Notre système de santé a été éprouvé pour de multiples raisons. Nous allons ici en décrire une,
repartant des débuts de la déstructuration de la Sécurité Sociale et de sa gestion par les salariés, à
l’étatisation de celle-ci et de sa gestion purement financière par l’intermédiaire des pieuvres
tentaculaires que sont les ARS. A cela s’ajoute une gestion néo-libérale de la santé avec des
« responsabilités » peu claires de chacun (ARS, Administration sanitaire, médecins…). La crise
sanitaire que nous vivons actuellement nous le montre parfaitement.

1. Un peu d’histoire

Il y a cinquante ans, en 1967, le Premier Ministre est alors Georges Pompidou et, parmi toute une
série de ses ordonnances, une en particulier nous intéresse : la réforme de la Sécurité Sociale. La
Caisse Nationale éclate en une caisse pour la maladie, une pour la famille, et une pour les retraites ;
de plus, la gestion devient paritaire, incluant désormais à égalité le patronat et son contrôle par les
Pouvoirs Publics. Il est mis fin à l’élection à la proportionnelle des administrateurs par les assurés
sociaux.

Quelques 12 années plus tard, Jacques Barrot, alors Ministre de la Santé et de la Sécurité Sociale,
présente un plan « musclé » pour rétablir les finances de la SS. Il s’agit de relever le taux des
cotisations « momentanément », mais surtout de bloquer l’évolution des dépenses d’assurance
maladie : le budget des hôpitaux est plafonné, le prix de journée des cliniques est bloqué, les
honoraires des médecins sont bloqués... Sans oublier la mise en place du ticket modérateur !

Encore un bon de quelques 14 années, et nous arrivons au Plan Juppé, instaurant les lois de
financement de la Sécurité Sociale, votées chaque année par le parlement. Désormais, l’État, par
avance, fixe les dépenses de celle-ci en fonction d’objectifs financiers. Les dépenses ne sont plus
adaptées aux besoins, mais elles doivent être contenues dans des enveloppes décidées par l’État,
quitte les réduire. A cette déliquescence de la Sécurité Sociale, s’ajoute un autre phénomène, la
gestion néo-libérale de l’État, avec son corolaire : la gestion en flux tendu, et donc, la disparition des
réserves stratégiques de l’État.

Alors, la question se pose de mettre en parallèle cette « destruction » des fondements mêmes de la
Sécurité Sociale et la gestion actuelle de tout ce qui touche à la santé, avec les manquements et les
contradictions vécus par la France depuis l’apparition de cette épidémie…

2. Les conséquences de cette destruction en ces temps de crise

La performance du système de santé français était une des meilleurs en ce début de siècle, selon
l’OMS… Aujourd’hui, 20 ans plus tard, nous sommes un des pays qui allons payer le plus cher cette
pandémie, du point de vue humain et économique. Pourtant, nous disposons d’excellentes
ressources de professionnels de santé, mais cette épidémie a révélé des défaillances structurelles.
L’État serait-il alors un piètre opérateur de santé publique ?

Prenons deux exemples :

- La situation vis-à-vis de la gestion des masques

Il s’agit là d’un grand sujet de polémique, la pénurie de masques sautant très rapidement aux
yeux, tout autant que le manque de tests ou les carences hospitalières (manque de lits de
réanimation, de respirateurs, d’équipement de protection…). Toutes ces carences étant le
résultat de la gestion en « flux tendu » et des restrictions financières de l’hôpital public,
conséquences de politiques plus que trentenaires, décrites ci-dessus. Je ne parle pas ici du fait
que la France est entièrement désindustrialisée et qu’elle doit « passer » commande à
l’étranger…

Nous avons alors vécu des scènes dignes du théâtre de boulevard, qui pourraient être amusantes
en d’autres circonstances.

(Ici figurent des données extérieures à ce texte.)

(* Let $Y$, $Z$ be bigraphs and $f,g: Y\to Z$ bigraph homomorphisms which are $\times$-homotopic. Then for every bigraph $X$ the induced order-preserving maps $f_*, g_*: \mathrm{Hom}_{/K_2}(X,Y)\to \mathrm{Hom}_{/K_2}(X,Z)$, given by $(f_*\eta)(v)=f(\eta(v))$, are homotopic (as maps of geometric realizations).
   Context: A graph is a set $V$ with a symmetric relation $E\subset V\times V$ (loops allowed); $K_2$ has vertices $0,1$ and edges $(0,1),(1,0)$. A bigraph is a graph $X$ with a graph homomorphism $\varepsilon_X: X\to K_2$; $V_i(X)=\varepsilon_X^{-1}(i)$; bigraph homomorphisms are graph homomorphisms commuting with colorings. A multi-homomorphism $\eta$ from $X$ to $Y$ assigns to each $v\in V(X)$ a finite nonempty subset $\eta(v)\subset V(Y)$ such that $(v,w)\in E(X)$ implies $\eta(v)\times\eta(w)\subset E(Y)$; it is 2-colored if $\eta(v)\subset V_i(Y)$ for $v\in V_i(X)$. $\mathrm{Hom}_{/K_2}(X,Y)$ is the poset of 2-colored multi-homomorphisms ordered by $\eta\le\eta'$ iff $\eta(v)\subset\eta'(v)$ for all $v$; a bigraph homomorphism is identified with the multi-homomorphism $v\mapsto\{f(v)\}$. Bigraph homomorphisms $f,g:Y\to Z$ are $\times$-homotopic if they lie in the same connected component of $\mathrm{Hom}_{/K_2}(Y,Z)$. Posets are regarded as spaces via geometric realizations of order complexes. *)

theory Defs
  imports "HOL-Analysis.Analysis"
begin

definition is_graph :: "'a set \<Rightarrow> ('a \<times> 'a) set \<Rightarrow> bool" where
  "is_graph V E \<longleftrightarrow> E \<subseteq> V \<times> V \<and> sym E"

definition graph_hom :: "'a set \<Rightarrow> ('a \<times> 'a) set \<Rightarrow> 'b set \<Rightarrow> ('b \<times> 'b) set \<Rightarrow> ('a \<Rightarrow> 'b) \<Rightarrow> bool" where
  "graph_hom V E V' E' f \<longleftrightarrow> (\<forall>v\<in>V. f v \<in> V') \<and> (\<forall>(v,w)\<in>E. (f v, f w) \<in> E')"

definition K2_vertices :: "nat set" where "K2_vertices = {0, 1}"
definition K2_edges :: "(nat \<times> nat) set" where "K2_edges = {(0,1), (1,0)}"

definition bigraph :: "'a set \<Rightarrow> ('a \<times> 'a) set \<Rightarrow> ('a \<Rightarrow> nat) \<Rightarrow> bool" where
  "bigraph V E c \<longleftrightarrow> is_graph V E \<and> graph_hom V E K2_vertices K2_edges c"

definition bigraph_hom ::
  "'a set \<Rightarrow> ('a \<times> 'a) set \<Rightarrow> ('a \<Rightarrow> nat) \<Rightarrow> 'b set \<Rightarrow> ('b \<times> 'b) set \<Rightarrow> ('b \<Rightarrow> nat) \<Rightarrow> ('a \<Rightarrow> 'b) \<Rightarrow> bool" where
  "bigraph_hom VX EdX cX VY EdY cY f \<longleftrightarrow> graph_hom VX EdX VY EdY f \<and> (\<forall>v\<in>VX. cY (f v) = cX v)"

Il s’agissait de « cacher » cette pénurie, en expliquant que « le masque
ne servait à rien », « qu’on ne savait pas l’utiliser… » Il était même interdit à la vente ! Tout cela,
pour, quelques semaines plus tard, le rendre obligatoire (les stocks reconstitués) dans tout lieu
public clos, alors que l’épidémie se meurt… Il s’agit d’une situation qui aurait bien été appréciée
par le Roi Ubu… Sauf qu’il s’agit là de la santé publique et de la protection sanitaire de toute une
population.

- La situation vis-à-vis de la gestion de la crise sanitaire

Jusqu’à cette destruction de notre système médical et social, la lutte contre les épidémies relevait
de trois forces :
- La santé publique (Ministre, préfet et maires) ;
- L’offre de soin (Conseils Généraux, Maires et Sécurité Sociale) ;
- La prévention, gérée par l’État et les acteurs publics et privés (syndicats, patronats, recteurs
d’académie, médecine militaire, médecine des fonctionnaires).

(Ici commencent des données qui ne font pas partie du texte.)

(* Every strongly homogeneous separable metrizable zero-dimensional space is strongly discrete homogeneous. In particular, the Cantor set $\mathbb C$, the rationals $\mathbb Q$, the irrationals $\mathbb P$, $\mathbb C\times\mathbb Q$ and $\mathbb C\times\mathbb P$ are strongly discrete homogeneous.
   Context: A Hausdorff space is strongly homogeneous if all of its nonempty clopen subspaces are homeomorphic to each other. A subset $D$ of $X$ is discrete if each point of $X$ has a neighbourhood containing at most one point of $D$. A Hausdorff space $X$ is strongly discrete homogeneous (sDH) if for any two discrete subsets $A,B$ of $X$ and any bijection $f\colon A\to B$, $f$ extends to a homeomorphism of $X$ onto itself. *)

theory Defs
  imports "HOL-Analysis.Analysis"
begin

definition strongly_homogeneous :: "'a topology \<Rightarrow> bool" where
  "strongly_homogeneous X \<longleftrightarrow> Hausdorff_space X \<and>
     (\<forall>U V. closedin X U \<and> openin X U \<and> U \<noteq> {} \<and> closedin X V \<and> openin X V \<and> V \<noteq> {} \<longrightarrow>
        subtopology X U homeomorphic_space subtopology X V)"

definition discrete_subset :: "'a topology \<Rightarrow> 'a set \<Rightarrow> bool" where
  "discrete_subset X D \<longleftrightarrow> D \<subseteq> topspace X \<and>
     (\<forall>x\<in>topspace X. \<exists>U. openin X U \<and> x \<in> U \<and>
        (\<forall>a\<in>U \<inter> D. \<forall>b\<in>U \<inter> D. a = b))"

definition strongly_discrete_homogeneous :: "'a topology \<Rightarrow> bool" where
  "strongly_discrete_homogeneous X \<longleftrightarrow> Hausdorff_space X \<and>
     (\<forall>A B f. discrete_subset X A \<and> discrete_subset X B \<and> bij_betw f A B \<longrightarrow>
        (\<exists>h. homeomorphic_map X X h \<and> (\<forall>a\<in>A. h a = f a)))"

end

theory Submission
  imports Defs
begin

text \<open>Zero-dimensionality and the Lindelof property split X into countably many disjoint
  clopen pieces, each meeting the discrete set A in at most one point; the pieces missing A,
  together with a clopen set carved out of one of the other pieces, form a nonempty remainder.
  Doing the same for B, strong homogeneity makes corresponding pieces homeomorphic, and the
  homeomorphisms paste to a homeomorphism of X. To send a to f a inside its piece, note that a
  strongly homogeneous, first countable, zero-dimensional space is homogeneous: take strictly
  decreasing clopen neighbourhood bases (U n) at x and (V n) at y; the shells U n - U (n+1) and
  V n - V (n+1) are nonempty and clopen, hence homeomorphic, and these homeomorphisms together
  with x to y form a homeomorphism of X. An isolated point forces X to be a singleton.\<close>

section \<open>Clopen partitions of zero-dimensional Lindelof spaces\<close>

abbreviation clopenin :: "'a topology \<Rightarrow> 'a set \<Rightarrow> bool" where
  "clopenin X U \<equiv> closedin X U \<and> openin X U"

lemma (in Metric_space) separable_imp_second_countable:
  assumes "separable_space mtopology"
  shows "second_countable mtopology"
proof -
  obtain C where C: "countable C" "C \<subseteq> M" "mtopology closure_of C = M"
    using assms unfolding separable_space_def by auto
  define \<B> where "\<B> = (\<lambda>(c, n). mball c (1 / Suc n)) ` (C \<times> UNIV)"
  have "neighbourhood_base_of (\<lambda>V. V \<in> \<B>) mtopology"
    unfolding neighbourhood_base_of
  proof (intro allI impI)
    fix W x assume "openin mtopology W \<and> x \<in> W"
    then obtain r where r: "r > 0" "mball x r \<subseteq> W" "x \<in> M"
      by (metis openin_mtopology openin_subset subsetD topspace_mtopology)
    obtain n where n: "1 / Suc n < r / 2"
      using r(1) by (metis half_gt_zero_iff nat_approx_posE)
    have "x \<in> mtopology closure_of C" using C(3) r(3) by simp
    then obtain c where c: "c \<in> C" "c \<in> mball x (1 / Suc n)"
      unfolding in_closure_of using r(3) by (meson centre_in_mball_iff openin_mball divide_pos_pos
          of_nat_0_less_iff zero_less_Suc zero_less_one)
    have "mball c (1 / Suc n) \<subseteq> mball x r"
      by (rule mball_subset) (use c n r(3) commute in auto)
    moreover have "mball c (1 / Suc n) \<in> \<B>" using c(1) unfolding \<B>_def by blast
    moreover have "x \<in> mball c (1 / Suc n)" using c(2) r(3) commute by auto
    ultimately show "\<exists>U V. openin mtopology U \<and> V \<in> \<B> \<and> x \<in> U \<and> U \<subseteq> V \<and> V \<subseteq> W"
      using r(2) by blast
  qed
  moreover have "countable \<B>" unfolding \<B>_def using C(1) by auto
  ultimately show ?thesis
    unfolding second_countable_neighbourhood_base by (intro exI[of _ \<B>] conjI)
qed

lemma separable_metrizable_imp_Lindelof_space:
  assumes "separable_space X" "metrizable_space X"
  shows "Lindelof_space X"
  using assms Metric_space.separable_imp_second_countable second_countable_imp_Lindelof_space
  unfolding metrizable_space_def by metis

lemma dimension_le_0_clopen_subnbhd:
  assumes "X dim_le 0" "openin X W" "x \<in> W"
  obtains V where "clopenin X V" "x \<in> V" "V \<subseteq> W"
  using assms unfolding dimension_le_0_neighbourhood_base_of_clopen neighbourhood_base_of
  by blast

lemma Lindelof_clopen_cover_disjoint_refinement:
  assumes L: "Lindelof_space X" and \<U>: "\<And>C. C \<in> \<U> \<Longrightarrow> clopenin X C" "topspace X \<subseteq> \<Union>\<U>"
  obtains c :: "nat \<Rightarrow> 'a set" where "\<And>n. clopenin X (c n)" "disjoint_family c"
    "topspace X \<subseteq> (\<Union>n. c n)" "\<And>n. c n \<noteq> {} \<Longrightarrow> \<exists>C\<in>\<U>. c n \<subseteq> C"
proof -
  obtain \<V> where \<V>: "countable \<V>" "\<V> \<subseteq> \<U>" "topspace X \<subseteq> \<Union>\<V>"
    using L[unfolded Lindelof_space_alt, rule_format, of \<U>] \<U> by blast
  show thesis
  proof (cases "\<V> = {}")
    case True
    show thesis by (rule that[of "\<lambda>n. {}"]) (use True \<V> in \<open>auto simp: disjoint_family_on_def\<close>)
  next
    case False
    define e where "e = from_nat_into \<V>"
    have e: "e n \<in> \<V>" for n using False e_def from_nat_into by metis
    have "range e = \<V>" using \<V>(1) False unfolding e_def by (simp add: range_from_nat_into)
    show thesis
    proof (rule that[of "disjointed e"])
      fix n
      have e_clopen: "clopenin X (e i)" for i using e \<V>(2) \<U>(1) by blast
      have "closedin X (\<Union>i\<in>{0..<n}. e i)" using e_clopen by (intro closedin_Union) auto
      moreover have "openin X (\<Union>i\<in>{0..<n}. e i)" using e_clopen by (intro openin_Union) auto
      ultimately show "clopenin X (disjointed e n)"
        using e_clopen unfolding disjointed_def by (simp add: closedin_diff openin_diff)
      show "\<exists>C\<in>\<U>. disjointed e n \<subseteq> C"
        using e[of n] \<V>(2) disjointed_subset[of e n] by blast
    next
      show "disjoint_family (disjointed e)" by (rule disjoint_family_disjointed)
      show "topspace X \<subseteq> (\<Union>n. disjointed e n)"
        using \<open>range e = \<V>\<close> \<V>(3) by (simp only: UN_disjointed_eq)
    qed
  qed
qed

La création des ARS (loi Bachelot) est venue « chambouler » toute cette organisation, remplaçant
les DRASS, DDASS et certaines caisses de l’assurance maladie. Elles sont, en fait, un véritable
« préfet » sanitaire, traduisant la reprise en main par l’État du pilotage des politiques de santé.
Elles ont le pouvoir d’ouvrir ou de fermer des services hospitaliers, d’autoriser ou non certains
équipements, bref, elles ont les cordons de la bourse…

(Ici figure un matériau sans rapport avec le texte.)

lemma proper_vecs_smult: "rdegree_le 0 c \<Longrightarrow> x \<in> proper_vecs \<Longrightarrow> c *s x \<in> proper_vecs"
  using rdegree_le_mult[of 0 c 0] by (auto simp: proper_vecs_iff)

lemma proper_vecs_axis: "rdegree_le 0 c \<Longrightarrow> axis i c \<in> proper_vecs"
  by (simp add: proper_vecs_iff axis_def)

lemma strictly_proper_vec_axis: "strictly_proper c \<Longrightarrow> strictly_proper_vec (axis i c)"
  by (simp add: strictly_proper_vec_def axis_def)

lemma strictly_proper_vec_smult:
  "rdegree_le 0 c \<Longrightarrow> strictly_proper_vec x \<Longrightarrow> strictly_proper_vec (c *s x)"
  using rdegree_le_mult[of 0 c "-1"] by (auto simp: strictly_proper_vec_def)

lemma strictly_proper_vec_uminus [simp]: "strictly_proper_vec (- x) \<longleftrightarrow> strictly_proper_vec x"
  by (simp add: strictly_proper_vec_def)

lemma pi_plus_vec_add: "pi_plus_vec (v + w) = pi_plus_vec v + pi_plus_vec w"
  by (simp add: pi_plus_vec_def vec_eq_iff pi_plus_add)

lemma pi_plus_vec_diff: "pi_plus_vec (v - w) = pi_plus_vec v - pi_plus_vec w"
  by (simp add: pi_plus_vec_def vec_eq_iff pi_plus_diff)

lemma pi_plus_vec_eq_0_iff: "pi_plus_vec v = 0 \<longleftrightarrow> strictly_proper_vec v"
  by (simp add: pi_plus_vec_def vec_eq_iff pi_plus_eq_0_iff strictly_proper_vec_def)

lemma strictly_proper_vec_minus_pi_plus_vec: "strictly_proper_vec (v - pi_plus_vec v)"
  by (simp add: pi_plus_vec_def strictly_proper_vec_def strictly_proper_minus_pi_plus)

lemma matrix_vector_mult_smult: "(A::'a::comm_ring_1^'n^'m) *v (c *s x) = c *s (A *v x)"
  by (simp add: vec_eq_iff matrix_vector_mult_def sum_distrib_left algebra_simps)

lemma matrix_vector_mult_uminus: "(A::'a::ring_1^'n^'m) *v (- x) = - (A *v x)"
  using matrix_vector_mult_diff_distrib[of A 0 x] by simp

lemma matrix_vector_mult_axis: "((A::'a::comm_ring_1^'n^'m) *v axis j c) $ k = A $ k $ j * c"
  by (simp add: matrix_vector_mult_def axis_def if_distrib cong: if_cong)

lemma matrix_inv_inverse:
  assumes "invertible (A::'a::semiring_1^'n^'n)"
  shows matrix_inv_right: "A ** matrix_inv A = mat 1"
    and matrix_inv_left: "matrix_inv A ** A = mat 1"
proof -
  have "\<exists>A'. A ** A' = mat 1 \<and> A' ** A = mat 1"
    using assms invertible_def by blast
  from someI_ex[OF this] show "A ** matrix_inv A = mat 1" "matrix_inv A ** A = mat 1"
    unfolding matrix_inv_def by auto
qed

lemma matrix_inv_unique:
  assumes "(A::'a::field^'n^'n) ** X = mat 1"
  shows "invertible A" "matrix_inv A = X"
proof -
  show inv: "invertible A"
    using assms matrix_left_right_inverse invertible_def by blast
  have "matrix_inv A = (matrix_inv A ** A) ** X"
    using assms by (simp add: matrix_mul_assoc[symmetric])
  then show "matrix_inv A = X" using matrix_inv_left[OF inv] by simp
qed

lemma matrix_inv_cancel_left: "invertible (A::'a::field^'n^'n) \<Longrightarrow> matrix_inv A *v (A *v x) = x"
  by (simp add: matrix_vector_mul_assoc matrix_inv_left)

lemma matrix_inv_cancel_right: "invertible (A::'a::field^'n^'n) \<Longrightarrow> A *v (matrix_inv A *v x) = x"
  by (simp add: matrix_vector_mul_assoc matrix_inv_right)

lemma to_fract_of_int: "to_fract (of_int k) = of_int k"
proof -
  have "to_fract (of_nat n) = of_nat n" for n
    by (simp add: to_fract_def Fract_of_nat_eq)
  then show ?thesis by (cases k rule: int_cases) simp_all
qed

lemma to_fract_prod: "to_fract (prod f S) = (\<Prod>i\<in>S. to_fract (f i))"
  by (induction S rule: infinite_finite_induct) simp_all

lemma det_emb_mat: "det (emb_mat L) = to_fract (det L)"
  by (simp add: det_def emb_mat_def emb_eq_to_fract to_fract_of_int to_fract_prod)

lemma invertible_emb_mat: "det L \<noteq> 0 \<Longrightarrow> invertible (emb_mat L)"
  by (simp add: invertible_det_nz det_emb_mat)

Ces ARS constituent un dispositif lourd, et, à priori, impuissant pour prévoir, anticiper et planifier.
La réponse française à cette épidémie a été dictée par la pénurie issue des politiques comptables
court-termistes – manque de ressources humaines, manque de matériel, trop de place aux
technostructures qui décident, laissant à l’expertise le rôle de « dernier » recours – nous
conduisant à ne pouvoir suivre la stratégie gagnante (Cf. les pays tels la Corée du Sud) pour
endiguer l’épidémie (nous parlons des tests massifs, de l’isolement strict des personnes
positives), au profit de ce que nous avons vécu, le confinement général, qui nous coûte infiniment
plus cher.
3. Une remise à plat du système de santé

Il serait maintenant urgent que la France puisse prendre le temps d’une réflexion politique et
sociétale sur le thème de la promotion, de la réparation et de l’entretien de la santé des Français.
L’approche curative et purement scientifique ne suffit pas, il y a la dimension sociale. Cela veut tout
simplement dire que la « réparation » du risque peut être impuissante si la prévention est trop faible.
Il me paraît aussi important de faire la différence entre la santé est le soin ; notre système de santé
devrait être piloté à partir de la demande de santé et non pas de la demande de soin.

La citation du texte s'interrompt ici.